▸ Problem
Some of the lines below need repeating. Reproduce exactly those between the lines holding "(fst h, fst h') \<in> Sim E a \<and>" and "E h (H C f)", inclusive.

▸ Extracted material
....................
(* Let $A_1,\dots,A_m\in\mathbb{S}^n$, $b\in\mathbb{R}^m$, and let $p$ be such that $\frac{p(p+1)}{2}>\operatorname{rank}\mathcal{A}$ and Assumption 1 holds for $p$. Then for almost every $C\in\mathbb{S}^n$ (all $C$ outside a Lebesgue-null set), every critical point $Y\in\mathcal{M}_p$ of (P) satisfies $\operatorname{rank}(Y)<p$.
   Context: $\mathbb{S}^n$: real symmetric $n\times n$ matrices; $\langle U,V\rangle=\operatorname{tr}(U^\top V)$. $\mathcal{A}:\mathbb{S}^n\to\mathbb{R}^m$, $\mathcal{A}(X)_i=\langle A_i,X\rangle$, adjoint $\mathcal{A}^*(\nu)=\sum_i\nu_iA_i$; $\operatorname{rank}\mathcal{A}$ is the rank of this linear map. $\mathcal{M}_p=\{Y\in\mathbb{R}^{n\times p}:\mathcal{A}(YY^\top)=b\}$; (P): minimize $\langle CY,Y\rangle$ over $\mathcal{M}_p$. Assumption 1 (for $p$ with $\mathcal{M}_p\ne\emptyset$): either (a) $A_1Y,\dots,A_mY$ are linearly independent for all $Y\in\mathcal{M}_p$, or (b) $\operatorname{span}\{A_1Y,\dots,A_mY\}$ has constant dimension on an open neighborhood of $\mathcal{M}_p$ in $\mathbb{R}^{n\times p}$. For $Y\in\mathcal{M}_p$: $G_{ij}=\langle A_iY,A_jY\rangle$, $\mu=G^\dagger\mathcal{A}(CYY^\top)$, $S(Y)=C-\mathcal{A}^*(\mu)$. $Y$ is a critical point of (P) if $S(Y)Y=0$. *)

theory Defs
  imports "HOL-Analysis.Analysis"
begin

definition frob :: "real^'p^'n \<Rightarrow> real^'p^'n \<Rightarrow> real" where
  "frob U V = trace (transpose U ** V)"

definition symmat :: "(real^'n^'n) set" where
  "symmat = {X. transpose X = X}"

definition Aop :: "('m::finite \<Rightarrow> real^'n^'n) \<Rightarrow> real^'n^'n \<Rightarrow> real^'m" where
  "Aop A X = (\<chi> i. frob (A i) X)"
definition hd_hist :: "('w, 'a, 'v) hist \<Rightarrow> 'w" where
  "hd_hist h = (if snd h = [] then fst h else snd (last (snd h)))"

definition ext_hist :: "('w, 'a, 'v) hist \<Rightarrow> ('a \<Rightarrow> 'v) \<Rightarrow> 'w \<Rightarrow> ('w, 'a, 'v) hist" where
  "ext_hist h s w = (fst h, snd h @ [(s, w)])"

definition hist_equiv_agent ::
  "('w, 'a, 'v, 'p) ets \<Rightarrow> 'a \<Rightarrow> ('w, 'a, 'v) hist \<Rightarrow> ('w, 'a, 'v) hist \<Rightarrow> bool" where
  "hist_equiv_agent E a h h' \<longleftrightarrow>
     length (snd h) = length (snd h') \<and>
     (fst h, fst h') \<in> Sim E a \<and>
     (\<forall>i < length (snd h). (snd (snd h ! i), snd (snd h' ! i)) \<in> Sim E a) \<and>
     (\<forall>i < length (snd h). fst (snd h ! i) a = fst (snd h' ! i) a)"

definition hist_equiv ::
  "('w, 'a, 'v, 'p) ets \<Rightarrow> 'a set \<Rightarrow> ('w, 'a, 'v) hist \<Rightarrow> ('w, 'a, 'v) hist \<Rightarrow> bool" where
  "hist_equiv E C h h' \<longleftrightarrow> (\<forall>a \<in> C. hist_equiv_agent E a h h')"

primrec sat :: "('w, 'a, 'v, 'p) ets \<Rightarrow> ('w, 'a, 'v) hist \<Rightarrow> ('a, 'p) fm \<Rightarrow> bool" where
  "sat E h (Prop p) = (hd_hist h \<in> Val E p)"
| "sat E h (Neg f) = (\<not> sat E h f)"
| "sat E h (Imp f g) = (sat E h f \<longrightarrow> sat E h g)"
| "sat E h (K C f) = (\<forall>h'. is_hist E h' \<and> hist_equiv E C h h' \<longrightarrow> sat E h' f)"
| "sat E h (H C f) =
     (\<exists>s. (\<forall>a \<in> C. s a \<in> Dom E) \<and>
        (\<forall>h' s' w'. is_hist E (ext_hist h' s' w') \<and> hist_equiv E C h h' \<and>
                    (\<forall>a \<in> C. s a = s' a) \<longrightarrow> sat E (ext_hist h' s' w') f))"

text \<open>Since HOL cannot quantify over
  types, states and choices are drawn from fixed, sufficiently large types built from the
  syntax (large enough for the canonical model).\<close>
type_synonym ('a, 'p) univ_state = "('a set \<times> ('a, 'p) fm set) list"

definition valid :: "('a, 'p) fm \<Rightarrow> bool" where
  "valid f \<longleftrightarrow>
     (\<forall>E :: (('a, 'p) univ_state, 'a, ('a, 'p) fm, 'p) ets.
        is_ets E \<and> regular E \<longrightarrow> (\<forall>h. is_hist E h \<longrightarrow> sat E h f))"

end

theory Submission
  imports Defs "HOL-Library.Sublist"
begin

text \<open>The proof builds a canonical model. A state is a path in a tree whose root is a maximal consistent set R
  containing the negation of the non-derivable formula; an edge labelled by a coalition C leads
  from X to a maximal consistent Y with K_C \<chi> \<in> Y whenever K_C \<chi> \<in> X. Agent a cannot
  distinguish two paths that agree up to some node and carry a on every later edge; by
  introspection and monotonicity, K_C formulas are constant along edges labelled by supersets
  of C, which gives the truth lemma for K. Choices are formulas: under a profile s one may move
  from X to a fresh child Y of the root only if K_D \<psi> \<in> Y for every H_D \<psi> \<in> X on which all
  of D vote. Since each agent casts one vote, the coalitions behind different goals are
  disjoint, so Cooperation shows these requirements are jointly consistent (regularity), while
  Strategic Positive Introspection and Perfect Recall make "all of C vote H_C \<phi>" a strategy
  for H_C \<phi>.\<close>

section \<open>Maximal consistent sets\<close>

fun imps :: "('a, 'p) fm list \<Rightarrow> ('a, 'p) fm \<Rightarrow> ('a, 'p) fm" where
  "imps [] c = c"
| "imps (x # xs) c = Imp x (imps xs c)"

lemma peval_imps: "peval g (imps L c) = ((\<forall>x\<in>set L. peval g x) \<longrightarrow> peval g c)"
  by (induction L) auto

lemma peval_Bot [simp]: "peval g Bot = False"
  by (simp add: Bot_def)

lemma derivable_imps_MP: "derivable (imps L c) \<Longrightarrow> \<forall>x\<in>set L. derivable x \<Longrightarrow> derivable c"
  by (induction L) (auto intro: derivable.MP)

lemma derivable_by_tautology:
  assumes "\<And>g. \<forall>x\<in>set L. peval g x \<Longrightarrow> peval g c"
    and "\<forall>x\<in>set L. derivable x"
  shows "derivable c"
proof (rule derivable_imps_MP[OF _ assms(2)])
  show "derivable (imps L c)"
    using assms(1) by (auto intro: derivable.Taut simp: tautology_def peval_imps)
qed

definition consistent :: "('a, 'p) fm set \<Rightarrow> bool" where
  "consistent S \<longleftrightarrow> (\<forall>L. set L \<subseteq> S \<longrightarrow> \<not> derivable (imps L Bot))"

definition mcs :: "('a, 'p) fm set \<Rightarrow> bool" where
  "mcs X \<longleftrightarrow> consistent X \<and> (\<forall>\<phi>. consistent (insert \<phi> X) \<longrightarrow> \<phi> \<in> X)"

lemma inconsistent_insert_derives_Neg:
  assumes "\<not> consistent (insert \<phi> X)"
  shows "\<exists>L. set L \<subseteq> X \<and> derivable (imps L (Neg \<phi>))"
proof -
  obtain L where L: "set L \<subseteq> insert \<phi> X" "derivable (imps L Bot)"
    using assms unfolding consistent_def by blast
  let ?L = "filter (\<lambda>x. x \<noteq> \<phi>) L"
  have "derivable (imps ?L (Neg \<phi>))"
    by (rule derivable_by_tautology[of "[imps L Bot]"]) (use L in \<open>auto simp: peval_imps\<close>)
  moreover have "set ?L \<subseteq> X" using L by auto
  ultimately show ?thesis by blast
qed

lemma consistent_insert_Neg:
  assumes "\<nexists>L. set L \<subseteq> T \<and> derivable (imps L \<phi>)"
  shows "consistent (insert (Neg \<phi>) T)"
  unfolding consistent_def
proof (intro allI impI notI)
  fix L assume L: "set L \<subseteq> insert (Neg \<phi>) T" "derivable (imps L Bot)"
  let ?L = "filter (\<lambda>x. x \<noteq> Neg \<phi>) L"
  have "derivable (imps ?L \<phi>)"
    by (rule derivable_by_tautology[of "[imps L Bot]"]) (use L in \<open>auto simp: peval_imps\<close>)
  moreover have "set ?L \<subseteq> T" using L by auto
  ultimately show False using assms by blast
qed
....................
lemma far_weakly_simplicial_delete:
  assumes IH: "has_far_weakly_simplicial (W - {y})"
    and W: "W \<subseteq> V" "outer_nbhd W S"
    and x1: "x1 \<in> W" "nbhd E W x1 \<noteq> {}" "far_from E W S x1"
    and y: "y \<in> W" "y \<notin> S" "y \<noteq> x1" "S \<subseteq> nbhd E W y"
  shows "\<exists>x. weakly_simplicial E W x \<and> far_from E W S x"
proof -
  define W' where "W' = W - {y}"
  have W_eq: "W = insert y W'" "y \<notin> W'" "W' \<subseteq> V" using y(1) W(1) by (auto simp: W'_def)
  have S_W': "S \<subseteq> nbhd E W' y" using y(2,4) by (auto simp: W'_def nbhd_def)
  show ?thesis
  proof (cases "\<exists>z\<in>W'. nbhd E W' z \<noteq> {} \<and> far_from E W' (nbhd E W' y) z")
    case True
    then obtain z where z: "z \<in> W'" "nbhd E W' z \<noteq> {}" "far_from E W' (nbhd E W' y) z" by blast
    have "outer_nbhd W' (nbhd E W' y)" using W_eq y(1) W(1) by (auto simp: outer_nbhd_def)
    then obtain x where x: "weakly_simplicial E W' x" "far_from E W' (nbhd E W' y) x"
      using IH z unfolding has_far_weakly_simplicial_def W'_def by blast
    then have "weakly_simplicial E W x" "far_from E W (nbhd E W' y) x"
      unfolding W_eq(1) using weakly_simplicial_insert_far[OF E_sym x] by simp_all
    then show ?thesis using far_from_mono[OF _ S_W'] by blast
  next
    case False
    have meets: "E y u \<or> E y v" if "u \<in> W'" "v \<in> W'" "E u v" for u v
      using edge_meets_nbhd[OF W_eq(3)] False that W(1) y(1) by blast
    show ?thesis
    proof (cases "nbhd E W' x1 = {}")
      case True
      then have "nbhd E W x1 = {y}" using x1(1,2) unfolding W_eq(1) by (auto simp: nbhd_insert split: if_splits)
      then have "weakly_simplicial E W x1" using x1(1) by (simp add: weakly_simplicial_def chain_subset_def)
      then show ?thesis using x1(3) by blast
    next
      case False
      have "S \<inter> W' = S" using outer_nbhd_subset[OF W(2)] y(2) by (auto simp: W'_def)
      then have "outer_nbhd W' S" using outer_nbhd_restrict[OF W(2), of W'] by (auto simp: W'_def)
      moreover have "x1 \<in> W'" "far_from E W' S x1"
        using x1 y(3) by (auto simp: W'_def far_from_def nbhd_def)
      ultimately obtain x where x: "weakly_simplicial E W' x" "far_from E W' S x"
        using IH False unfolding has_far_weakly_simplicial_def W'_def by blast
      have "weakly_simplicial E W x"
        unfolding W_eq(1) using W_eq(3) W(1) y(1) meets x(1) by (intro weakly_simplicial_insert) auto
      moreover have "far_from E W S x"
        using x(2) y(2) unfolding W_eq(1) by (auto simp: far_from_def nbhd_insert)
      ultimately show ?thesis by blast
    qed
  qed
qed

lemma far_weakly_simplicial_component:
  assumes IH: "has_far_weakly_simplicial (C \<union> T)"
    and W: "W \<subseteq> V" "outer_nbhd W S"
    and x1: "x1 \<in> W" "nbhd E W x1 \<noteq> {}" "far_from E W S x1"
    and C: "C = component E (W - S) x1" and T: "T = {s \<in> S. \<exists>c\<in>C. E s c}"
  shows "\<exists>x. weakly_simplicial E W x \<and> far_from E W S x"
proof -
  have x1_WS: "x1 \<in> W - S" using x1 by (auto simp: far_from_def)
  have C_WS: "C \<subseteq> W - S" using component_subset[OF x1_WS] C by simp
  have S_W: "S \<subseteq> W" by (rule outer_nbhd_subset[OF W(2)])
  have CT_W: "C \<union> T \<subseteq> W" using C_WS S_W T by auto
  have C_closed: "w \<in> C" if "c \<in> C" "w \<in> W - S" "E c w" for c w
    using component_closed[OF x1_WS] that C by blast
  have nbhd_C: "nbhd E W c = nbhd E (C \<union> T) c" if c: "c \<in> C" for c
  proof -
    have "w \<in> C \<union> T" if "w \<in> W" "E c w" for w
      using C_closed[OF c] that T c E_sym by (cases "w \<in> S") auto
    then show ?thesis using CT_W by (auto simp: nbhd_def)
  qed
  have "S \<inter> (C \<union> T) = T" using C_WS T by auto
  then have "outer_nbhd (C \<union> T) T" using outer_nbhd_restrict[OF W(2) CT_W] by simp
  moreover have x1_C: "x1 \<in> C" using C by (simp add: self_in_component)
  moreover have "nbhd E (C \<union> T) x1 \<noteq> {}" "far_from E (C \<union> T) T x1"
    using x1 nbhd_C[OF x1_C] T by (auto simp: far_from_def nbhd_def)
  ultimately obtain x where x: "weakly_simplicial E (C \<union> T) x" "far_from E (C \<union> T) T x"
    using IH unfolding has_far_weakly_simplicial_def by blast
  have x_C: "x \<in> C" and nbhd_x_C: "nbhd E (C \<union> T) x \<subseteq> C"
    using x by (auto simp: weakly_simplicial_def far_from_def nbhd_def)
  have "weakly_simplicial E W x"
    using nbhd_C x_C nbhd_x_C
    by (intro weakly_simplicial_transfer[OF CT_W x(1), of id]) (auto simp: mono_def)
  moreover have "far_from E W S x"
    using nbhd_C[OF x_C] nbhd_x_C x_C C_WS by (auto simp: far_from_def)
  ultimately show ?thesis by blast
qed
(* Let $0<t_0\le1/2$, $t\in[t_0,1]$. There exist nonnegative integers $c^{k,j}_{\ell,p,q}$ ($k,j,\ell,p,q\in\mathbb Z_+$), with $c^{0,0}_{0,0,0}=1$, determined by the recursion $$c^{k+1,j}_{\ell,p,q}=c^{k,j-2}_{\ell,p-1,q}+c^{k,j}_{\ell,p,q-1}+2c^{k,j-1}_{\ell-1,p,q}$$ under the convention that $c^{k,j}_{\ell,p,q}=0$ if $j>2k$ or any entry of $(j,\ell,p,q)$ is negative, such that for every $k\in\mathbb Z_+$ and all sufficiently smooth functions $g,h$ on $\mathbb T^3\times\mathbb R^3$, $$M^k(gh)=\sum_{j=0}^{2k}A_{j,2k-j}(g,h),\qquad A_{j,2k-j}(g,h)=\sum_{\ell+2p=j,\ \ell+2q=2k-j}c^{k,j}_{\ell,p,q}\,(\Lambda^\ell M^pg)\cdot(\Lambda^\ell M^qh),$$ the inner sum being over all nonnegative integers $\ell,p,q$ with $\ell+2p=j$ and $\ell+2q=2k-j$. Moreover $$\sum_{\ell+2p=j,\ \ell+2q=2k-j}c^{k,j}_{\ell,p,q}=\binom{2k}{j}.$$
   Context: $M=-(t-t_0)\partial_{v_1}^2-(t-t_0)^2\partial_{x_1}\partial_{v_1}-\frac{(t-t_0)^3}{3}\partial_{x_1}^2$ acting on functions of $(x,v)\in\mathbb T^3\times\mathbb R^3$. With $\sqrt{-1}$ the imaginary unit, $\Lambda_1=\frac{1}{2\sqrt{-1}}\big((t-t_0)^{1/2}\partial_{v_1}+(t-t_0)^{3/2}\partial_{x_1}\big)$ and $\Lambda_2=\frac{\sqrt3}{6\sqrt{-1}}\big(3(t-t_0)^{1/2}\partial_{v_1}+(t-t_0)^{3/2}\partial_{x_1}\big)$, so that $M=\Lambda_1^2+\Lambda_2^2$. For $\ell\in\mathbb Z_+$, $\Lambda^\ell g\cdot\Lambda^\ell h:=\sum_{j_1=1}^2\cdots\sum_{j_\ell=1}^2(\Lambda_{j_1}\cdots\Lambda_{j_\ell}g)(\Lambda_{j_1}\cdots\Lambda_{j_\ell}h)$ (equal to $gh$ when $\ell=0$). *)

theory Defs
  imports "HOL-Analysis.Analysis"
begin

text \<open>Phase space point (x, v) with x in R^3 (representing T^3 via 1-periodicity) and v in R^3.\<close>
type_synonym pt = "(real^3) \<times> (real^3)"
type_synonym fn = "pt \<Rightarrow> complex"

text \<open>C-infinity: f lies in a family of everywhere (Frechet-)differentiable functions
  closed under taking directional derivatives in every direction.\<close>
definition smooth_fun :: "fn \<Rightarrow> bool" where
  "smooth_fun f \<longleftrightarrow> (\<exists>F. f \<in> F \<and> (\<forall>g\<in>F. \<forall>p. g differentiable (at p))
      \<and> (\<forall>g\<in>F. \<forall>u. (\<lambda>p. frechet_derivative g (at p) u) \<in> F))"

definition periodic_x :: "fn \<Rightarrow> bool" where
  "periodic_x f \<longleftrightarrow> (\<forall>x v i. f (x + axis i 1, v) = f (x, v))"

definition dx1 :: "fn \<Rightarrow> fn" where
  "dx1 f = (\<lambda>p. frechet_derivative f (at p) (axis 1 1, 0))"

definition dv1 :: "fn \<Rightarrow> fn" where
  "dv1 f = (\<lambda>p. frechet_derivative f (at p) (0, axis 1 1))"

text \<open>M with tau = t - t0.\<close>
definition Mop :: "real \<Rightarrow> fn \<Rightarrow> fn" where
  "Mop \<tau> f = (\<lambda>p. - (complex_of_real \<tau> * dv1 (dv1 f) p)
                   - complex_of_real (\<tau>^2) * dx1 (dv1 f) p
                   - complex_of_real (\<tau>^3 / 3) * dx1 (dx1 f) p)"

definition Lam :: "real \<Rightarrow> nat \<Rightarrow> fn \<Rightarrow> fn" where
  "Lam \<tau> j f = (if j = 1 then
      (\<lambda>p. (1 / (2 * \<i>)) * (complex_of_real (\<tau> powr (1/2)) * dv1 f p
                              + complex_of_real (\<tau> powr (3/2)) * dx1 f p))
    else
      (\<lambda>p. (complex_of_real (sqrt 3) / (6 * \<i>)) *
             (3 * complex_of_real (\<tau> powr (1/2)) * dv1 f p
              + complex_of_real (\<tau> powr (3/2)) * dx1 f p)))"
....................
▸ Your solution
     (fst h, fst h') \<in> Sim E a \<and>
     (\<forall>i < length (snd h). (snd (snd h ! i), snd (snd h' ! i)) \<in> Sim E a) \<and>
     (\<forall>i < length (snd h). fst (snd h ! i) a = fst (snd h' ! i) a)"

definition hist_equiv ::
  "('w, 'a, 'v, 'p) ets \<Rightarrow> 'a set \<Rightarrow> ('w, 'a, 'v) hist \<Rightarrow> ('w, 'a, 'v) hist \<Rightarrow> bool" where
  "hist_equiv E C h h' \<longleftrightarrow> (\<forall>a \<in> C. hist_equiv_agent E a h h')"

primrec sat :: "('w, 'a, 'v, 'p) ets \<Rightarrow> ('w, 'a, 'v) hist \<Rightarrow> ('a, 'p) fm \<Rightarrow> bool" where
  "sat E h (Prop p) = (hd_hist h \<in> Val E p)"
| "sat E h (Neg f) = (\<not> sat E h f)"
| "sat E h (Imp f g) = (sat E h f \<longrightarrow> sat E h g)"
| "sat E h (K C f) = (\<forall>h'. is_hist E h' \<and> hist_equiv E C h h' \<longrightarrow> sat E h' f)"
| "sat E h (H C f) =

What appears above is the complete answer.